Concern in Kenya over cost of Somalia operation
By TOM ODULA, Associated Press
NAIROBI, Kenya (AP) - As hundreds of Kenyan soldiers hunt al-Qaida-linked militants in Somalia, university students are growing angry that their government can afford a military operation but not raises for thousands of university lecturers.
Hundreds of University of Nairobi students began protesting after some 7,000 lecturers went on a week-long strike. Police fired into the air to disperse the students, some of whom had prepared for exams earlier this week only to be told they were being postponed.
Lecturers make around
$800 a month in Kenya, and their salaries have not be raised in three years.
Kenya's Higher Education Minister Margaret Kamar said she sympathizes with the lecturers, who decided Thursday to postpone their strike for two weeks to allow for negotiations. But the financial resources simply aren't there, she says.
"We have sat down and discussed with the prime minister and finance minister,
we cannot add anything because of our boys in Somalia," Kamar said.
It couldn't come at a worse time for Kenyans:
In October, inflation was nearly 19 percent because of skyrocketing food and energy costs, fueled by a depreciation in the Kenyan shilling against the dollar. Kenya's Central Bank raised interest rates recently to stem the shilling's decline, raising the costs of personal loans.

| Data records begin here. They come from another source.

lemma Cauchy_if_norm_diff_le:
  fixes f :: "nat \<Rightarrow> 'a::real_normed_vector"
  assumes "g \<longlonglongrightarrow> 0" and "\<And>i j. norm (f i - f j) \<le> g i + g j"
  shows "Cauchy f"
proof (rule metric_CauchyI)
  fix e :: real
  assume "0 < e"
  then obtain N where N: "\<And>n. n \<ge> N \<Longrightarrow> g n < e / 2"
    using order_tendstoD(2) [OF assms(1), of "e / 2"] by (auto simp: eventually_sequentially)
  have "dist (f m) (f n) < e" if "m \<ge> N" "n \<ge> N" for m n
    using assms(2) [of m n] N [OF that(1)] N [OF that(2)] by (simp add: dist_norm)
  then show "\<exists>N. \<forall>m\<ge>N. \<forall>n\<ge>N. dist (f m) (f n) < e" by blast
qed

lemma power2_norm_diff_midpoint:
  fixes a b x :: "'a::cinner_space"
  shows "(norm (a - b))\<^sup>2
           = 2 * (norm (x - a))\<^sup>2 + 2 * (norm (x - b))\<^sup>2 - 4 * (norm (x - (1/2) *\<^sub>R (a + b)))\<^sup>2"
proof -
  have "(x - a) + (x - b) = 2 *\<^sub>R (x - (1/2) *\<^sub>R (a + b))"
    by (simp add: algebra_simps scaleR_2)
  moreover have "(x - b) - (x - a) = a - b"
    by simp
  ultimately show ?thesis
    using power2_norm_add [of "x - a" "x - b"] power2_norm_diff [of "x - b" "x - a"]
      cinner_commute [of "x - a" "x - b"]
    by (simp add: power_mult_distrib)
qed

lemma Cauchy_minimizing_sequence:
  fixes M :: "'a::cinner_space set"
  assumes "convex M" and d_le: "\<And>m. m \<in> M \<Longrightarrow> d \<le> norm (x - m)" and "0 \<le> d"
    and ms: "\<And>n. ms n \<in> M" "\<And>n. norm (x - ms n) < d + inverse (Suc n)"
  shows "Cauchy ms"
proof (rule Cauchy_if_norm_diff_le)
  define e where "e n = (d + inverse (Suc n))\<^sup>2 - d\<^sup>2" for n
  have e_nonneg: "0 \<le> e n" for n
    using \<open>0 \<le> d\<close> by (simp add: e_def power_mono)
  have "(\<lambda>n. (d + inverse (Suc n))\<^sup>2) \<longlonglongrightarrow> (d + 0)\<^sup>2"
    by (intro tendsto_intros LIMSEQ_inverse_real_of_nat)
  then have "e \<longlonglongrightarrow> 0"
    unfolding e_def using tendsto_diff [OF _ tendsto_const [of "d\<^sup>2"]] by fastforce
  then show "(\<lambda>n. sqrt (2 * e n)) \<longlonglongrightarrow> 0"
    using tendsto_real_sqrt [OF tendsto_mult_right_zero [of e sequentially 2]] by simp
  have sq: "(norm (x - ms n))\<^sup>2 \<le> d\<^sup>2 + e n" for n
    using ms(2) [of n] by (simp add: e_def power_mono)
  fix i j
  have "d\<^sup>2 \<le> (norm (x - (1/2) *\<^sub>R (ms i + ms j)))\<^sup>2"
    using d_le [OF convexD [OF assms(1) ms(1) ms(1), of "1/2" "1/2"]] \<open>0 \<le> d\<close>
    by (simp add: power_mono scaleR_add_right)
  then have "(norm (ms i - ms j))\<^sup>2 \<le> 2 * e i + 2 * e j"
    using power2_norm_diff_midpoint [of "ms i" "ms j" x] sq [of i] sq [of j] by linarith
  then have "norm (ms i - ms j) \<le> sqrt (2 * e i + 2 * e j)"
    using real_le_rsqrt by blast
  also have "\<dots> \<le> sqrt (2 * e i) + sqrt (2 * e j)"
    by (rule sqrt_add_le_add_sqrt) (simp_all add: e_nonneg)
  finally show "norm (ms i - ms j) \<le> sqrt (2 * e i) + sqrt (2 * e j)" .
qed

lemma closest_point_exists_hilbert:
  fixes M :: "'a::chilbert set"
  assumes "closed M" and "convex M" and "M \<noteq> {}"
  shows "\<exists>m\<in>M. \<forall>z\<in>M. norm (x - m) \<le> norm (x - z)"
proof -
  define d where "d = (INF m\<in>M. norm (x - m))"
  have bdd: "bdd_below ((\<lambda>m. norm (x - m)) ` M)"
    by (rule bdd_belowI2 [of _ 0]) simp
  have d_le: "d \<le> norm (x - m)" if "m \<in> M" for m
    unfolding d_def using bdd that by (rule cINF_lower)
  have "0 \<le> d"
    unfolding d_def using assms(3) by (rule cINF_greatest) simp
  have "\<exists>m\<in>M. norm (x - m) < d + inverse (Suc n)" for n
    using cINF_less_iff [OF assms(3) bdd, of "d + inverse (Suc n)"] by (simp add: d_def)
  then obtain ms where ms: "\<And>n. ms n \<in> M" "\<And>n. norm (x - ms n) < d + inverse (Suc n)"
    by metis
  then have "Cauchy ms"
    using Cauchy_minimizing_sequence [OF assms(2) d_le \<open>0 \<le> d\<close>] by blast
  then obtain m where m: "ms \<longlonglongrightarrow> m"
    using Cauchy_convergent convergent_def by blast
  have "m \<in> M"
    using closed_sequentially [OF assms(1)] ms(1) m by blast
  moreover have "norm (x - m) \<le> d"
  proof (rule LIMSEQ_le)
    show "(\<lambda>n. norm (x - ms n)) \<longlonglongrightarrow> norm (x - m)"
      by (intro tendsto_intros m)
    show "(\<lambda>n. d + inverse (Suc n)) \<longlonglongrightarrow> d"
      using tendsto_add [OF tendsto_const LIMSEQ_inverse_real_of_nat] by simp
  qed (use ms(2) less_imp_le in blast)
  ultimately show ?thesis
    using d_le order_trans by blast
qed

lemma closest_point_orthogonal:
  fixes M :: "'a::cinner_space set"
  assumes "csubspace M" and "m \<in> M" and closest: "\<And>z. z \<in> M \<Longrightarrow> norm (x - m) \<le> norm (x - z)"
    and "z \<in> M"
  shows "cinner (x - m) z = 0"
proof (rule ccontr)
  assume ne: "cinner (x - m) z \<noteq> 0"
  then have "z \<noteq> 0" by auto
  define t where "t = cinner (x - m) z / (norm z)\<^sup>2"
  have "m + t *\<^sub>C z \<in> M"
    using assms unfolding csubspace_def by blast
  then have "(norm (x - m))\<^sup>2 \<le> (norm ((x - m) - t *\<^sub>C z))\<^sup>2"
    using closest by (simp add: power_mono diff_diff_eq)
  also have "\<dots> = (norm (x - m))\<^sup>2 - (cmod (cinner (x - m) z))\<^sup>2 / (norm z)\<^sup>2"
    unfolding t_def by (rule power2_norm_diff_cscale [OF \<open>z \<noteq> 0\<close>])
  finally have "(cmod (cinner (x - m) z))\<^sup>2 / (norm z)\<^sup>2 \<le> 0"
    by simp
  moreover have "0 < (cmod (cinner (x - m) z))\<^sup>2 / (norm z)\<^sup>2"
    using ne \<open>z \<noteq> 0\<close> by simp
  ultimately show False
    by linarith
qed

lemma orthogonal_projection_exists:
  fixes M :: "'a::chilbert set"
  assumes "closed M" and "csubspace M"
  shows "\<exists>m\<in>M. \<forall>z\<in>M. cinner (x - m) z = 0"
proof -
  have "M \<noteq> {}"
    using assms(2) unfolding csubspace_def by blast
  then obtain m where "m \<in> M" "\<forall>z\<in>M. norm (x - m) \<le> norm (x - z)"
    using closest_point_exists_hilbert assms csubspace_imp_convex by blast
  then show ?thesis
    using closest_point_orthogonal [OF assms(2)] by blast
qed

lemma closure_eq_UNIV_if_orthogonal_complement_trivial:
  fixes S :: "'a::chilbert set"
  assumes "csubspace S" and "\<And>x. (\<And>s. s \<in> S \<Longrightarrow> cinner x s = 0) \<Longrightarrow> x = 0"
  shows "closure S = UNIV"
proof -
  have "x \<in> closure S" for x
  proof -
    obtain m where "m \<in> closure S" "\<forall>z\<in>closure S. cinner (x - m) z = 0"
      using orthogonal_projection_exists [OF closed_closure csubspace_closure [OF assms(1)]] by blast
    moreover from this have "x - m = 0"
      using assms(2) closure_subset by blast
    ultimately show ?thesis by simp
  qed
  then show ?thesis by blast
qed

lemma riesz_representation:
  fixes f :: "'a::chilbert \<Rightarrow> complex"
  assumes add: "\<And>x y. f (x + y) = f x + f y" and hom: "\<And>c x. f (c *\<^sub>C x) = c * f x"
    and bound: "\<And>x. cmod (f x) \<le> norm x * K"
  shows "\<exists>z. \<forall>x. f x = cinner x z"
proof (cases "\<forall>x. f x = 0")
  case False
  then obtain x0 where "f x0 \<noteq> 0" by blast
  have f_diff: "f (x - y) = f x - f y" for x y
    using add [of "x - y" y] by simp
  have "bounded_linear f"
    by (rule bounded_linear_intro [where K = K])
      (simp_all add: add bound hom scaleR_conv_of_real flip: cscale_of_real)
  then have "closed {x. f x = 0}"
    by (intro closed_Collect_eq continuous_on_const linear_continuous_on)
  moreover have "csubspace {x. f x = 0}"
    unfolding csubspace_def using hom [of 0 0] add hom by auto
  ultimately obtain m where "f m = 0" and perp: "\<And>z. f z = 0 \<Longrightarrow> cinner (x0 - m) z = 0"
    using orthogonal_projection_exists by blast
  define p where "p = x0 - m"
  have "f p \<noteq> 0"
    using \<open>f x0 \<noteq> 0\<close> \<open>f m = 0\<close> by (simp add: p_def f_diff)
  then have "p \<noteq> 0"
    using hom [of 0 0] by auto
  have "f x = cinner x ((cnj (f p) / (norm p)\<^sup>2) *\<^sub>C p)" for x
  proof -
    have "f (x - (f x / f p) *\<^sub>C p) = 0"
      using \<open>f p \<noteq> 0\<close> by (simp add: f_diff hom)
    then have "cinner (x - (f x / f p) *\<^sub>C p) p = 0"
      using perp cinner_commute unfolding p_def by (metis complex_cnj_zero)
    then have "cinner x p = f x / f p * (norm p)\<^sup>2"
      by (simp add: cinner_diff_left cinner_cscale_left cinner_self_norm)
    then show ?thesis
      using \<open>f p \<noteq> 0\<close> \<open>p \<noteq> 0\<close> by (simp add: cinner_cscale_right)
  qed
  then show ?thesis by blast
qed (intro exI [of _ 0], simp)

And the country's critical tourism industry is being threatened by a rash of kidnappings inside Kenya blamed on the Somali militants.
Stephen Mutoro, an official of the Consumer Federation of Kenya, says
the country should brace itself for hard economic times.
Mutoro said
there was little preparation for the military mission in Somalia and that's why the government is now sending officials to Israel, the Middle East and Europe to ask for financial support.